Let’s face it, the capitalist/state alliance has effectively contained and tamed user sovereignty on the Internet. Consider the geo-local surveillance of our online lives, social media’s algorithmic manipulations of our online feeds and of public opinion, campaigns of disinformation and hacking from the alt-right, Russia, and other rogue players, and corporate paywalls and national firewalls that are Balkanizing the once-unitary Web.
It was therefore refreshing to encounter From Capital to Commons: Exploring the Promise of a World Beyond Capitalism, a new book by Hannes Gerhardt, a professor of geography at the University of West Georgia (US). While Big Tech monopolies, compliant legislatures and intelligence agencies have crushed the soaring ideals that one prevailed in Internet and hacker cultures, Gerhardt bravely argues that there are still ways that commoning and technology could engineer a transition away from capitalism.
He calls his agenda “compeerism,” which is neither an ideology or strategic plan, but rather a commons-inspired perspective for actualizing post-capitalist possibilities. The first line of his book sums up his mission: “What would it take for a commons-centered, collaborative form of production to supplant capitalism?”
To learn more about Gerhardt’s strategies for advancing commons in digital spaces, and in the biophysical world as well, I interviewed him in my latest episode of Frontiers of Commoning (Episode #42).

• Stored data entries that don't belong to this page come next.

(* Let $A$ be a totally unimodular $n\times m$ matrix, let $L(A) := \{v\in\mathbb{Z}^m : Av = 0\}$ and $\lambda := \lambda(L(A))$. Then every nonzero vector $v \in L(A)$ with $\lVert v\rVert_1 < 2\lambda$ is a circuit of $A$.
   Context: A matrix is totally unimodular if every square submatrix has determinant $0$ or $\pm1$. $\lambda(L) := \min\{\lVert v\rVert_1 : 0 \ne v\in L\}$ with $\lVert\cdot\rVert_1$ the $\ell_1$-norm. A vector $u\in L(A)$ is a circuit of $A$ if there is no nonzero $v\in L(A)$ with $\mathrm{supp}(v) \subsetneq \mathrm{supp}(u)$, and $\gcd(u_1,\dots,u_m) = 1$. *)

theory Defs
  imports "Jordan_Normal_Form.Determinant" "Jordan_Normal_Form.DL_Submatrix"
begin

definition totally_unimodular :: "int mat \<Rightarrow> bool" where
  "totally_unimodular A \<longleftrightarrow>
     (\<forall>I J. I \<subseteq> {..<dim_row A} \<longrightarrow> J \<subseteq> {..<dim_col A} \<longrightarrow> card I = card J \<longrightarrow>
        det (submatrix A I J) \<in> {-1, 0, 1})"

definition int_kernel :: "int mat \<Rightarrow> int vec set" where
  "int_kernel A = {v \<in> carrier_vec (dim_col A). A *\<^sub>v v = 0\<^sub>v (dim_row A)}"

definition l1norm :: "int vec \<Rightarrow> nat" where
  "l1norm v = (\<Sum>i<dim_vec v. nat \<bar>v $ i\<bar>)"

definition lattice_lambda :: "int vec set \<Rightarrow> nat" where
  "lattice_lambda L = (LEAST k. \<exists>v\<in>L. v \<noteq> 0\<^sub>v (dim_vec v) \<and> l1norm v = k)"

definition supp :: "int vec \<Rightarrow> nat set" where
  "supp v = {i. i < dim_vec v \<and> v $ i \<noteq> 0}"

definition is_circuit :: "int mat \<Rightarrow> int vec \<Rightarrow> bool" where
  "is_circuit A u \<longleftrightarrow> u \<in> int_kernel A
     \<and> \<not> (\<exists>v\<in>int_kernel A. v \<noteq> 0\<^sub>v (dim_vec v) \<and> supp v \<subset> supp u)
     \<and> Gcd {u $ i | i. i < dim_vec u} = 1"

end

theory Submission
  imports Defs
begin

text \<open>A lattice vector v that is not a circuit splits as v = z + (v - z) with z and v - z nonzero
vectors of L(A) conformal to v (same signs as v and coordinatewise dominated by it), so that
l1norm v = l1norm z + l1norm (v - z) \<ge> 2 \<lambda>. If the entries of v have a common divisor g \<ge> 2, take z = v / g.
If a nonzero w in L(A) has strictly smaller support, a rational combination y of v and w lies
coordinatewise between 0 and v, vanishes at one coordinate of the support of v and equals v at
another; total unimodularity allows y to be rounded to an integral kernel vector z with
floor y \<le> z \<le> ceiling y, and this z works. The rounding repeatedly moves y along a kernel direction
supported on its fractional coordinates until one more coordinate becomes integral; such a
direction exists, since otherwise Cramer's rule on a maximal nonsingular submatrix (of
determinant \<plusminus>1) would force those coordinates to be integral.\<close>

definition index_in :: "nat set \<Rightarrow> nat \<Rightarrow> nat" where
  "index_in J j = card {a\<in>J. a < j}"

lemma index_in_less_card: "finite J \<Longrightarrow> j \<in> J \<Longrightarrow> index_in J j < card J"
  unfolding index_in_def by (intro psubset_card_mono) auto

lemma index_in_pick: "k < card J \<Longrightarrow> index_in J (pick J k) = k"
  unfolding index_in_def using card_pick by blast

lemma pick_index_in: "j \<in> J \<Longrightarrow> pick J (index_in J j) = j"
  unfolding index_in_def by (rule pick_card_in_set)

lemma sum_pick: "finite J \<Longrightarrow> (\<Sum>k<card J. f (pick J k)) = (\<Sum>j\<in>J. f j)"
  by (rule sum.reindex_bij_witness[where i = "index_in J" and j = "pick J"])
    (auto simp: index_in_pick pick_index_in index_in_less_card pick_in_set)

lemma card_Collect_less_mem: "J \<subseteq> {..<N} \<Longrightarrow> card {j. j < N \<and> j \<in> J} = card J"
  by (metis (no_types, lifting) Collect_cong lessThan_iff subset_iff Collect_mem_eq)

lemma submatrix_carrier:
  "B \<in> carrier_mat n m \<Longrightarrow> I \<subseteq> {..<n} \<Longrightarrow> J \<subseteq> {..<m} \<Longrightarrow>
    submatrix B I J \<in> carrier_mat (card I) (card J)"
  by (auto simp: dim_submatrix card_Collect_less_mem intro!: carrier_matI)

lemma submatrix_index_pick:
  "B \<in> carrier_mat n m \<Longrightarrow> I \<subseteq> {..<n} \<Longrightarrow> J \<subseteq> {..<m} \<Longrightarrow> i < card I \<Longrightarrow> j < card J \<Longrightarrow>
    submatrix B I J $$ (i, j) = B $$ (pick I i, pick J j)"
  by (auto simp: submatrix_index card_Collect_less_mem)

definition supported_on :: "nat set \<Rightarrow> 'a::zero vec \<Rightarrow> bool" where
  "supported_on S x \<longleftrightarrow> (\<forall>j<dim_vec x. j \<notin> S \<longrightarrow> x $ j = 0)"

definition vec_restrict :: "nat set \<Rightarrow> 'a vec \<Rightarrow> 'a vec" where
  "vec_restrict J x = vec (card J) (\<lambda>k. x $ pick J k)"

definition vec_extend :: "nat \<Rightarrow> nat set \<Rightarrow> 'a::zero vec \<Rightarrow> 'a vec" where
  "vec_extend m J x = vec m (\<lambda>j. if j \<in> J then x $ index_in J j else 0)"

lemma supported_on_vec_extend: "supported_on J (vec_extend m J x)"
  by (simp add: supported_on_def vec_extend_def)

lemma pick_in_subset: "J \<subseteq> {..<m} \<Longrightarrow> k < card J \<Longrightarrow> pick J k \<in> J"
  using finite_subset pick_in_set by blast

lemma pick_less: "J \<subseteq> {..<m} \<Longrightarrow> k < card J \<Longrightarrow> pick J k < m"
  using pick_in_subset by blast

lemma vec_restrict_zero: "J \<subseteq> {..<m} \<Longrightarrow> vec_restrict J (0\<^sub>v m) = 0\<^sub>v (card J)"
  by (intro eq_vecI) (auto simp: vec_restrict_def pick_less)

lemma vec_restrict_extend:
  assumes "J \<subseteq> {..<m}" and "x \<in> carrier_vec (card J)"
  shows "vec_restrict J (vec_extend m J x) = x"
proof (rule eq_vecI)
  fix k assume "k < dim_vec x"
  then have "k < card J" using assms(2) by simp
  moreover have "pick J k < m" using pick_less[OF assms(1) \<open>k < card J\<close>] .
  ultimately show "vec_restrict J (vec_extend m J x) $ k = x $ k"
    using pick_in_subset[OF assms(1)] by (simp add: vec_restrict_def vec_extend_def index_in_pick)
qed (use assms(2) in \<open>simp add: vec_restrict_def\<close>)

Gerhardt has a firm grasp of the extensive literature on Internet culture over the past fifty years – the critiques, histories, and technical controversies. What distinguishes his book from many others about the Internet is his political acuity in assessing the challenges. He offers chapters on “democratizing infrastructure” such as the electric grid and the Internet itself, as well as on how to support “design global, manufacture local” production. Unlike many techies, Gerhardt is also mindful of the limits of the natural world, so he devotes space to localism, urban waste, and agriculture as a renewable resource.
Gerhardt also spends time discussing the problem of the state’s monopoly on money-creation with two chapters on “money and value.” Since modern money-creation has been largely outsourced to private banks that create money out of thin air via their lending Gerhardt looks at decentralized, local cryptocurrencies that have some basic-income element, such as Circles, Mannabase, and SwiftDemand, while steering clear of speculative, capitalist ventures like Bitcoin.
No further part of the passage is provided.